Following your logic, future products from ATI & Nvidia will obviously offer more fillrate, memory bandwidth & size so they should price them at $800? Nah, didnt think so. :D

No what he is saying right now the mainstream games card is a 6600GT and the 7800GTX 512MB performs 4x as well for 4x the Price. The fact is NVidia and ATI supply cards in just about every price point which leaves the exceptionaly faster hardest to find cards At a super rich price point. The Fact is the Performance between a 7800GT and a GTX is minimal but yet there is a $100 difference, in fact we might even see a bigger diferrence between the new GTX and the old one then we see between the GTX and the GT.

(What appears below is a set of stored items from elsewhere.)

text \<open>
  In a tree-child network without paths between the parents of a hybrid node, reachability
  can be read off the clusters: u reaches w iff C(w) is a proper subset of C(u), or C(w) = C(u)
  and u is w or a hybrid (whose unique child is then the tree node w). The absence of parent
  paths is what forces the two children of a tree node to have incomparable clusters, and it
  makes the arcs exactly the covering pairs of reachability. So a node is determined by its key
  (C(v), v is hybrid), the arcs are the covering pairs of the induced order on keys, and the
  clusters of hybrid nodes are exactly those having two different minimal proper superclusters.
  Hence the set of clusters, which \<pi>(N) lists, determines N up to isomorphism. The other
  invariants determine \<pi>, since each of them records S - C(v).
\<close>

lemma net_iso_by_keys:
  fixes N1 :: "('v, 's) network" and N2 :: "('w, 's) network"
  assumes inj1: "inj_on K1 (nodes N1)" and inj2: "inj_on K2 (nodes N2)"
    and keys: "K1 ` nodes N1 = K2 ` nodes N2"
    and arcs1: "\<And>u w. u \<in> nodes N1 \<Longrightarrow> w \<in> nodes N1 \<Longrightarrow> (u, w) \<in> arcs N1 \<longleftrightarrow> A (K1 u) (K1 w)"
    and arcs2: "\<And>u w. u \<in> nodes N2 \<Longrightarrow> w \<in> nodes N2 \<Longrightarrow> (u, w) \<in> arcs N2 \<longleftrightarrow> A (K2 u) (K2 w)"
    and leaves1: "\<And>x. x \<in> leaves N1 \<longleftrightarrow> x \<in> nodes N1 \<and> (\<forall>w\<in>nodes N1. (x, w) \<notin> arcs N1)"
    and leaves2: "\<And>x. x \<in> leaves N2 \<longleftrightarrow> x \<in> nodes N2 \<and> (\<forall>w\<in>nodes N2. (x, w) \<notin> arcs N2)"
    and lbl1: "\<And>x. x \<in> leaves N1 \<Longrightarrow> L (K1 x) = lbl N1 x"
    and lbl2: "\<And>x. x \<in> leaves N2 \<Longrightarrow> L (K2 x) = lbl N2 x"
  shows "net_iso N1 N2"
proof -
  define f where "f = inv_into (nodes N2) K2 \<circ> K1"
  have bij: "bij_betw f (nodes N1) (nodes N2)"
    unfolding f_def using inj1 inj2 keys
    by (metis bij_betw_inv_into bij_betw_trans inj_on_imp_bij_betw)
  have key_f: "K2 (f v) = K1 v" if "v \<in> nodes N1" for v
    using that keys unfolding f_def by (metis comp_apply f_inv_into_f imageI)
  have f_nodes: "f v \<in> nodes N2" if "v \<in> nodes N1" for v
    using bij that by (meson bij_betwE)
  have arcs: "(u, w) \<in> arcs N1 \<longleftrightarrow> (f u, f w) \<in> arcs N2"
    if "u \<in> nodes N1" "w \<in> nodes N1" for u w
    using that arcs1 arcs2 key_f f_nodes by simp
  have "f x \<in> leaves N2" if "x \<in> leaves N1" for x
  proof -
    have "x \<in> nodes N1" using that leaves1 by blast
    moreover have "nodes N2 = f ` nodes N1" using bij by (simp add: bij_betw_def)
    ultimately show ?thesis using that leaves1 leaves2 arcs f_nodes by auto
  qed
  then have "lbl N2 (f x) = lbl N1 x" if "x \<in> leaves N1" for x
    using that lbl1 lbl2 key_f leaves1 by metis
  then show ?thesis unfolding net_iso_def using bij arcs by blast
qed

locale tree_child_net =
  fixes S :: "'s set" and N :: "('v, 's) network"
  assumes tree_child: "tree_child_network S N"
begin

Hey none of us want to spend $650 on a card. But at this price they can release a card that they normally wouldn't have due to production cost. The fact is both companie sell more then fast enough card at that $300 price point to make us all happy. Would you rather be stuck would you rather just have a choice between the 6200, 6600, and 6800, or 6200 64-256MB, 6600, 6600LE, 6600GT, 6800, 6800GS, 7800GS, 7800GT, 7800GTX, 7800GTX 512MB. This by the end of the month these will be releastic cards for the various levels with the GT and Ultra being faised out with the 6800GS and the new unannounced 7800GS.